Тих теперь витал над каньонами Лос-Анджелеса в роли некоего процветающего птеродактиля. Оторвался от совдепского рая и вот торчу, торчу неплохо, мужики! Лошадиная морда была покрыта теннисным загаром, общая картина впечатляла почти дейнековским тридцатых годов здоровьем, вот, правда, пальцы слегка дрожали из-за употребления разных сортов виски. После первой инвестиции, сделанной через ответсотрудника Завхозова, Энский, чрезвычайно довольный, стал посылать на счет Хорнхуфа электронные переводы Бог знает откуда – то из Гонконга, то из Макао – и быстро довел баланс до семизначных цифр. Активно используя щедрые вливания родины, Тих расширил и свой собственный специфический бизнес, доходы от которого, естественно, находились под другой крышей. Дружба дружбой, красная сволочь, а табачок врозь!
– Эх, ребята, как я рад вас видеть! – сказал Тихомир с хорошей советской задушевностью. – Помните, как в прошлом году-то гудели, вы двое, я, Стаська Бутлеров! Такой выработался настоящий тим спирит![136] Как ты, Сашок, когда-то пел, «нас много в нашей четверке»! Забыл? А я вот помню, некоторые вещи не забываются, бадди![137] И вот всего лишь за год эка нас разбросало! Нет, братцы, что-то мы все-таки теряем в этом мире чистогана! – Нашвыряв тут комсомольских восклицательных знаков, Тихомир умолк, как бы предлагая теперь изложить, за чем пришли. В глазах его и впрямь читалось страдание.
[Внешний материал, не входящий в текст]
(* Let $n\ge2$, let $P$ be a partial $n$-Metric on a set $X$, let $x_o,y_o\in X$ and let $f,g:X\to X$. Suppose there are real numbers $r$ and $0<c<1$ such that, with $M=\max\{|P(\langle f(x_o)\rangle^{n-1},y_o)|,|P(\langle x_o\rangle^{n-1},y_o)|\}$, for every natural number $i$: $$r\le\min\{P(\langle f^i(x_o)\rangle^n),P(\langle g^i(y_o)\rangle^n)\},\quad P(\langle f^{i+1}(x_o)\rangle^{n-1},g^i(y_o))\le r+c^iM,\quad P(\langle f^{i}(x_o)\rangle^{n-1},g^i(y_o))\le r+c^iM$$ (i.e. $f$ and $g$ are $f$-pairwise $c_r$-contractive over $(x_o,y_o)$). Then $\{f^i(x_o)\}_{i\in\mathbb{N}}$ and $\{g^i(y_o)\}_{i\in\mathbb{N}}$ form a Cauchy pair.
   Context: Notation: $\langle a\rangle^k$ denotes the $k$-tuple $(a,\dots,a)$ inserted into an argument list; $f^0(x)=x$, $f^{i+1}(x)=f(f^i(x))$. A partial $n$-Metric on $X$ is a function $P:X^n\to\mathbb{R}$ such that for all $x_1,\dots,x_n,a\in X$: (1) $P(\langle x_1\rangle^n)\le P(\langle x_1\rangle^{n-1},x_2)$; (2) $P$ is invariant under permutations of its arguments; (3) $P(\langle x_1\rangle^{n-1},x_2)=P(\langle x_1\rangle^n)$ and $P(\langle x_2\rangle^{n-1},x_1)=P(\langle x_2\rangle^n)$ iff $x_1=x_2$; (4) $P(x_1,\dots,x_n)\le P(x_1,\dots,x_{n-1},a)+P(\langle a\rangle^{n-1},x_n)-P(\langle a\rangle^n)$. Two sequences $\{x_i\},\{y_i\}$ form a Cauchy pair if there is $r'\in\mathbb{R}$ such that for every $\epsilon>0$ there is $N$ with $r'-\epsilon<\min\{P(\langle x_i\rangle^n),P(\langle y_i\rangle^n)\}\le P(\langle x_i\rangle^{n-1},y_j)<r'+\epsilon$ for all $i,j>N$. *)

theory Defs
  imports Complex_Main "HOL-Library.Multiset"
begin

text \<open>An n-tuple of elements of X is represented as a list of length n;
  the tuple (a,...,a) of length k is replicate k a.\<close>

definition partial_n_metric :: "nat \<Rightarrow> 'a set \<Rightarrow> ('a list \<Rightarrow> real) \<Rightarrow> bool" where
  "partial_n_metric n X P \<longleftrightarrow>
     (\<forall>x1\<in>X. \<forall>x2\<in>X. P (replicate n x1) \<le> P (replicate (n - 1) x1 @ [x2])) \<and>
     (\<forall>xs ys. length xs = n \<and> set xs \<subseteq> X \<and> mset ys = mset xs \<longrightarrow> P xs = P ys) \<and>
     (\<forall>x1\<in>X. \<forall>x2\<in>X.
        (P (replicate (n - 1) x1 @ [x2]) = P (replicate n x1) \<and>
         P (replicate (n - 1) x2 @ [x1]) = P (replicate n x2)) \<longleftrightarrow> x1 = x2) \<and>
     (\<forall>xs a. length xs = n \<and> set xs \<subseteq> X \<and> a \<in> X \<longrightarrow>
        P xs \<le> P (butlast xs @ [a]) + P (replicate (n - 1) a @ [last xs]) - P (replicate n a))"

definition cauchy_pair :: "nat \<Rightarrow> ('a list \<Rightarrow> real) \<Rightarrow> (nat \<Rightarrow> 'a) \<Rightarrow> (nat \<Rightarrow> 'a) \<Rightarrow> bool" where
  "cauchy_pair n P x y \<longleftrightarrow>
     (\<exists>r'::real. \<forall>\<epsilon>>0. \<exists>N::nat. \<forall>i j. i > N \<and> j > N \<longrightarrow>
        r' - \<epsilon> < min (P (replicate n (x i))) (P (replicate n (y i))) \<and>
        min (P (replicate n (x i))) (P (replicate n (y i))) \<le> P (replicate (n - 1) (x i) @ [y j]) \<and>
        P (replicate (n - 1) (x i) @ [y j]) < r' + \<epsilon>)"

end

theory Submission
  imports Defs
begin

text \<open>Let D u v = P(u,...,u,v) - r be the excess of P over the common lower bound r of the
  self-distances along both orbits. The fourth axiom gives D the triangle inequality through any
  point of self-distance at least r, and exchanging the repeated entry one position at a time
  gives D u v \<le> n D v u. So consecutive points of either orbit are at excess O(c^i), and
  walking from f^i(x_o) to g^j(y_o) along one orbit sums a geometric tail: the excess is
  O(c^min(i,j)), so all mixed distances converge to r.\<close>

lemma partial_n_metric_permute:
  assumes "partial_n_metric n X P" "length xs = n" "set xs \<subseteq> X" "mset ys = mset xs"
  shows "P xs = P ys"
  using assms unfolding partial_n_metric_def by blast

lemma partial_n_metric_replace_last:
  assumes "partial_n_metric n X P" "length xs = n" "set xs \<subseteq> X" "a \<in> X"
  shows "P xs \<le> P (butlast xs @ [a]) + P (replicate (n - 1) a @ [last xs]) - P (replicate n a)"
  using assms unfolding partial_n_metric_def by blast

lemma partial_n_metric_self_le:
  assumes "partial_n_metric n X P" "x \<in> X" "y \<in> X"
  shows "P (replicate n x) \<le> P (replicate (n - 1) x @ [y])"
  using assms unfolding partial_n_metric_def by blast

lemma partial_n_metric_excess_triangle:
  assumes "partial_n_metric n X P" "n \<ge> 1" "x \<in> X" "y \<in> X" "z \<in> X" "r \<le> P (replicate n z)"
  shows "P (replicate (n - 1) x @ [y]) - r
    \<le> (P (replicate (n - 1) x @ [z]) - r) + (P (replicate (n - 1) z @ [y]) - r)"
proof -
  have "set (replicate (n - 1) x) \<subseteq> X"
    using assms(3) by auto
  then show ?thesis
    using partial_n_metric_replace_last[OF assms(1), of "replicate (n - 1) x @ [y]" z] assms
    by simp
qed

lemma partial_n_metric_mixed_le:
  assumes "partial_n_metric n X P" "x \<in> X" "y \<in> X" "k \<le> n - 1"
  shows "P (replicate k x @ replicate (n - k) y)
    \<le> P (replicate n y) + real k * (P (replicate (n - 1) y @ [x]) - P (replicate n y))"
  using assms(4)
proof (induction k)
  case 0
  then show ?case by simp
next
  case (Suc k)
  define xs where "xs = replicate k x @ replicate (n - Suc k) y @ [x]"
  have len: "length xs = n" and set_xs: "set xs \<subseteq> X"
    using Suc.prems assms(2,3) unfolding xs_def by auto
  have "n - k = Suc (n - Suc k)"
    using Suc.prems by simp
  then have "butlast xs @ [y] = replicate k x @ replicate (n - k) y"
    unfolding xs_def by (simp add: butlast_append replicate_append_same)
  then have "P xs \<le> P (replicate k x @ replicate (n - k) y)
      + P (replicate (n - 1) y @ [x]) - P (replicate n y)"
    using partial_n_metric_replace_last[OF assms(1) len set_xs assms(3)] by (simp add: xs_def)
  moreover have "P xs = P (replicate (Suc k) x @ replicate (n - Suc k) y)"
    by (rule partial_n_metric_permute[OF assms(1) len set_xs]) (simp add: xs_def)
  ultimately show ?case
    using Suc by (simp add: distrib_right)
qed

text \<open>Needs \<open>n \<ge> 2\<close>: the factor \<open>n - 1\<close> produced by the swap is enlarged to \<open>n\<close> so that the
  self-distance of \<open>y\<close> can be replaced by its lower bound \<open>r\<close>.\<close>

lemma partial_n_metric_swap_excess:
  assumes "partial_n_metric n X P" "n \<ge> 2" "x \<in> X" "y \<in> X" "r \<le> P (replicate n y)"
  shows "P (replicate (n - 1) x @ [y]) - r \<le> real n * (P (replicate (n - 1) y @ [x]) - r)"
proof -
  define s where "s = P (replicate n y)"
  define t where "t = P (replicate (n - 1) y @ [x])"
  have "P (replicate (n - 1) x @ [y]) \<le> s + real (n - 1) * (t - s)"
    using partial_n_metric_mixed_le[OF assms(1,3,4), of "n - 1"] assms(2)
    by (simp add: s_def t_def)
  moreover have "s \<le> t"
    unfolding s_def t_def by (rule partial_n_metric_self_le[OF assms(1,4,3)])
  moreover have "r \<le> s" "(real n - 2) * (s - r) \<ge> 0"
    using assms(2,5) by (simp_all add: s_def)
  ultimately show ?thesis
    using assms(2) by (simp add: of_nat_diff algebra_simps t_def)
qed

lemma geometric_accumulation:
  fixes Q :: "nat \<Rightarrow> real"
  assumes "0 < c" "c < 1" "C \<ge> 0" "Q 0 \<le> B" "\<And>d. Q (Suc d) \<le> Q d + C * c ^ (m + d)"
  shows "Q d \<le> B + C * c ^ m / (1 - c)"
proof -
  have "Q d \<le> B + C * ((c ^ m - c ^ (m + d)) / (1 - c))"
  proof (induction d)
    case 0
    then show ?case using assms(4) by simp
  next
    case (Suc d)
    have "(c ^ m - c ^ (m + Suc d)) / (1 - c) = (c ^ m - c ^ (m + d)) / (1 - c) + c ^ (m + d)"
      using assms(2) by (simp add: field_simps)
    then show ?case
      using Suc assms(5)[of d] by (simp add: algebra_simps)
  qed
  also have "\<dots> \<le> B + C * c ^ m / (1 - c)"
    using assms(1-3) by (simp add: mult_left_mono divide_right_mono)
  finally show ?thesis .
qed

lemma excess_bound_of_pairwise_contractive:
  fixes D :: "'a \<Rightarrow> 'a \<Rightarrow> real" and a b :: "nat \<Rightarrow> 'a"
  defines "S \<equiv> range a \<union> range b"
  assumes triangle: "\<And>u v z. u \<in> S \<Longrightarrow> v \<in> S \<Longrightarrow> z \<in> S \<Longrightarrow> D u v \<le> D u z + D z v"
    and swap: "\<And>u v. u \<in> S \<Longrightarrow> v \<in> S \<Longrightarrow> D u v \<le> q * D v u"
    and "q \<ge> 0" "0 < c" "c < 1" "M \<ge> 0"
    and shifted: "\<And>i. D (a (Suc i)) (b i) \<le> c ^ i * M"
    and diagonal: "\<And>i. D (a i) (b i) \<le> c ^ i * M"
  shows "D (a i) (b j) \<le> c ^ min i j * (M + (q + 1) * M / (1 - c))"
proof -
  have in_S [simp]: "a i \<in> S" "b i \<in> S" for i
    unfolding S_def by auto
  have swap_bound: "q * D v u \<le> q * (c ^ k * M)" if "D v u \<le> c ^ k * M" for u v k
    using that \<open>q \<ge> 0\<close> by (rule mult_left_mono)
  have "c ^ Suc k * M \<le> c ^ k * M" for k
    using \<open>0 < c\<close> \<open>c < 1\<close> \<open>M \<ge> 0\<close> by (simp add: mult_right_mono power_decreasing)
  then have diagonal_Suc: "D (a (Suc k)) (b (Suc k)) \<le> c ^ k * M" for k
    using diagonal[of "Suc k"] by (meson order_trans)
  have b_step: "D (b k) (b (Suc k)) \<le> (q + 1) * M * c ^ k" for k
    using triangle[of "b k" "b (Suc k)" "a (Suc k)"] swap[of "b k" "a (Suc k)"]
      swap_bound[OF shifted[of k]] diagonal_Suc[of k]
    by (simp add: algebra_simps)
  have a_step: "D (a (Suc k)) (a k) \<le> (q + 1) * M * c ^ k" for k
    using triangle[of "a (Suc k)" "a k" "b k"] swap[of "b k" "a k"] shifted[of k]
      swap_bound[OF diagonal[of k]]
    by (simp add: algebra_simps)
  have C: "(q + 1) * M \<ge> 0"
    using \<open>q \<ge> 0\<close> \<open>M \<ge> 0\<close> by simp
  have b_later: "D (a i) (b (i + d)) \<le> c ^ i * M + (q + 1) * M * c ^ i / (1 - c)" for i d
  proof (rule geometric_accumulation[OF \<open>0 < c\<close> \<open>c < 1\<close> C,
        where Q = "\<lambda>d. D (a i) (b (i + d))" and m = i])
    show "D (a i) (b (i + 0)) \<le> c ^ i * M"
      using diagonal by simp
    show "D (a i) (b (i + Suc d)) \<le> D (a i) (b (i + d)) + (q + 1) * M * c ^ (i + d)" for d
      using triangle[of "a i" "b (i + Suc d)" "b (i + d)"] b_step[of "i + d"] by simp
  qed
  have a_later: "D (a (j + d)) (b j) \<le> c ^ j * M + (q + 1) * M * c ^ j / (1 - c)" for j d
  proof (rule geometric_accumulation[OF \<open>0 < c\<close> \<open>c < 1\<close> C,
        where Q = "\<lambda>d. D (a (j + d)) (b j)" and m = j])
    show "D (a (j + 0)) (b j) \<le> c ^ j * M"
      using diagonal by simp
    show "D (a (j + Suc d)) (b j) \<le> D (a (j + d)) (b j) + (q + 1) * M * c ^ (j + d)" for d
      using triangle[of "a (j + Suc d)" "b j" "a (j + d)"] a_step[of "j + d"] by simp
  qed
  have factor: "c ^ m * M + (q + 1) * M * c ^ m / (1 - c) = c ^ m * (M + (q + 1) * M / (1 - c))"
    for m :: nat
    by (simp add: algebra_simps)
  show ?thesis
  proof (cases "i \<le> j")
    case True
    then show ?thesis
      using b_later[of i "j - i"] factor[of i] by simp
  next
    case False
    then show ?thesis
      using a_later[of j "i - j"] factor[of j] by simp
  qed
qed

lemma cauchy_pairI_geometric:
  assumes "partial_n_metric n X P" "\<And>i. x i \<in> X" "\<And>i. y i \<in> X" "0 < c" "c < 1"
    and lower: "\<And>i. r \<le> min (P (replicate n (x i))) (P (replicate n (y i)))"
    and upper: "\<And>i j. P (replicate (n - 1) (x i) @ [y j]) - r \<le> c ^ min i j * K"
  shows "cauchy_pair n P x y"
  unfolding cauchy_pair_def
proof (intro exI[of _ r] allI impI)
  fix e :: real assume "e > 0"
  have "(\<lambda>m. c ^ m * K) \<longlonglongrightarrow> 0"
    using \<open>0 < c\<close> \<open>c < 1\<close> by (intro tendsto_mult_left_zero LIMSEQ_power_zero) simp
  then have "eventually (\<lambda>m. c ^ m * K < e) sequentially"
    using \<open>e > 0\<close> by (rule order_tendstoD(2))
  then obtain N where N: "\<And>m. m \<ge> N \<Longrightarrow> c ^ m * K < e"
    by (auto simp: eventually_sequentially)
  show "\<exists>N. \<forall>i j. N < i \<and> N < j \<longrightarrow>
      r - e < min (P (replicate n (x i))) (P (replicate n (y i))) \<and>
      min (P (replicate n (x i))) (P (replicate n (y i))) \<le> P (replicate (n - 1) (x i) @ [y j]) \<and>
      P (replicate (n - 1) (x i) @ [y j]) < r + e"
  proof (intro exI[of _ N] allI impI conjI)
    fix i j assume "N < i \<and> N < j"
    then show "P (replicate (n - 1) (x i) @ [y j]) < r + e"
      using upper[of i j] N[of "min i j"] by simp
    show "r - e < min (P (replicate n (x i))) (P (replicate n (y i)))"
      using lower[of i] \<open>e > 0\<close> by linarith
    show "min (P (replicate n (x i))) (P (replicate n (y i))) \<le> P (replicate (n - 1) (x i) @ [y j])"
      using partial_n_metric_self_le[OF assms(1,2,3)] by (meson min.coboundedI1)
  qed
qed

theorem theorem5p13:
  fixes n :: nat and X :: "'a set" and P :: "'a list \<Rightarrow> real"
    and f g :: "'a \<Rightarrow> 'a" and xo yo :: 'a and r c M :: real
  assumes "n \<ge> 2"
    and "partial_n_metric n X P"
    and "xo \<in> X" and "yo \<in> X"
    and "\<forall>x\<in>X. f x \<in> X" and "\<forall>x\<in>X. g x \<in> X"
    and "0 < c" and "c < 1"
    and "M = max \<bar>P (replicate (n - 1) (f xo) @ [yo])\<bar> \<bar>P (replicate (n - 1) xo @ [yo])\<bar>"
    and "\<forall>i::nat. r \<le> min (P (replicate n ((f ^^ i) xo))) (P (replicate n ((g ^^ i) yo)))"
    and "\<forall>i::nat. P (replicate (n - 1) ((f ^^ Suc i) xo) @ [(g ^^ i) yo]) \<le> r + c ^ i * M"
    and "\<forall>i::nat. P (replicate (n - 1) ((f ^^ i) xo) @ [(g ^^ i) yo]) \<le> r + c ^ i * M"
  shows "cauchy_pair n P (\<lambda>i. (f ^^ i) xo) (\<lambda>i. (g ^^ i) yo)"
proof -
  define a where "a = (\<lambda>i. (f ^^ i) xo)"
  define b where "b = (\<lambda>i. (g ^^ i) yo)"
  have a_in_X: "a i \<in> X" and b_in_X: "b i \<in> X" for i
    unfolding a_def b_def by (induction i) (use assms(3-6) in auto)
  then have in_X: "v \<in> X" if "v \<in> range a \<union> range b" for v
    using that by auto
  have above_r: "r \<le> P (replicate n v)" if "v \<in> range a \<union> range b" for v
    using that assms(10) unfolding a_def b_def by (auto simp: min_le_iff_disj)
  have "M \<ge> 0"
    unfolding assms(9) by simp
  have shifted: "P (replicate (n - 1) (a (Suc i)) @ [b i]) - r \<le> c ^ i * M" for i
    using assms(11) unfolding a_def b_def by (simp add: algebra_simps)
  have diagonal: "P (replicate (n - 1) (a i) @ [b i]) - r \<le> c ^ i * M" for i
    using assms(12) unfolding a_def b_def by (simp add: algebra_simps)
  have "P (replicate (n - 1) (a i) @ [b j]) - r
      \<le> c ^ min i j * (M + (real n + 1) * M / (1 - c))" for i j
  proof (rule excess_bound_of_pairwise_contractive[OF _ _ _ \<open>0 < c\<close> \<open>c < 1\<close> \<open>M \<ge> 0\<close>,
        where D = "\<lambda>u v. P (replicate (n - 1) u @ [v]) - r" and a = a and b = b and q = "real n"])
    fix u v z assume "u \<in> range a \<union> range b" "v \<in> range a \<union> range b" "z \<in> range a \<union> range b"
    then show "P (replicate (n - 1) u @ [v]) - r
        \<le> P (replicate (n - 1) u @ [z]) - r + (P (replicate (n - 1) z @ [v]) - r)"
      using assms(1) by (intro partial_n_metric_excess_triangle[OF assms(2)] in_X above_r) auto
  next
    fix u v assume "u \<in> range a \<union> range b" "v \<in> range a \<union> range b"
    then show "P (replicate (n - 1) u @ [v]) - r \<le> real n * (P (replicate (n - 1) v @ [u]) - r)"
      by (intro partial_n_metric_swap_excess[OF assms(2,1)] in_X above_r)
  qed (simp, fact shifted, fact diagonal)
  then have "cauchy_pair n P a b"
    using assms(10) by (intro cauchy_pairI_geometric[OF assms(2) a_in_X b_in_X \<open>0 < c\<close> \<open>c < 1\<close>])
      (auto simp: a_def b_def)
  then show ?thesis
    by (simp only: a_def b_def)
qed

end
– Слушай, Тих, Саше деньги нужны, – сказал Арам.
– Сколько? – радостно воскликнул Буревятников. Он открыл ящик стола, со странным каким-то осуждением покачал головой, захлопнул ящик, взялся за чековую книжку, расписался, рванул листок, перебросил Корбаху. – Сумму проставишь сам!
– Ты меня не понял, Тих, – сказал Александр. – Я не хочу брать в долг без отдачи. Я просто хочу зарабатывать так, как Арам, как Габриель Лианоза, как другие ребята в гараже, не знаю уж кто.
– А вот это ты зря, Сашок, – печально проговорил Тихомир. – Тебе не нужно лезть в это дело. Тобой интересуются, постоянно тебя мониторят. Нет, Арамчик, нам нужно Сашу Корбаха в стороне держать, как декабристы Пушкина. Зачем тебе, Саша, такие опасности?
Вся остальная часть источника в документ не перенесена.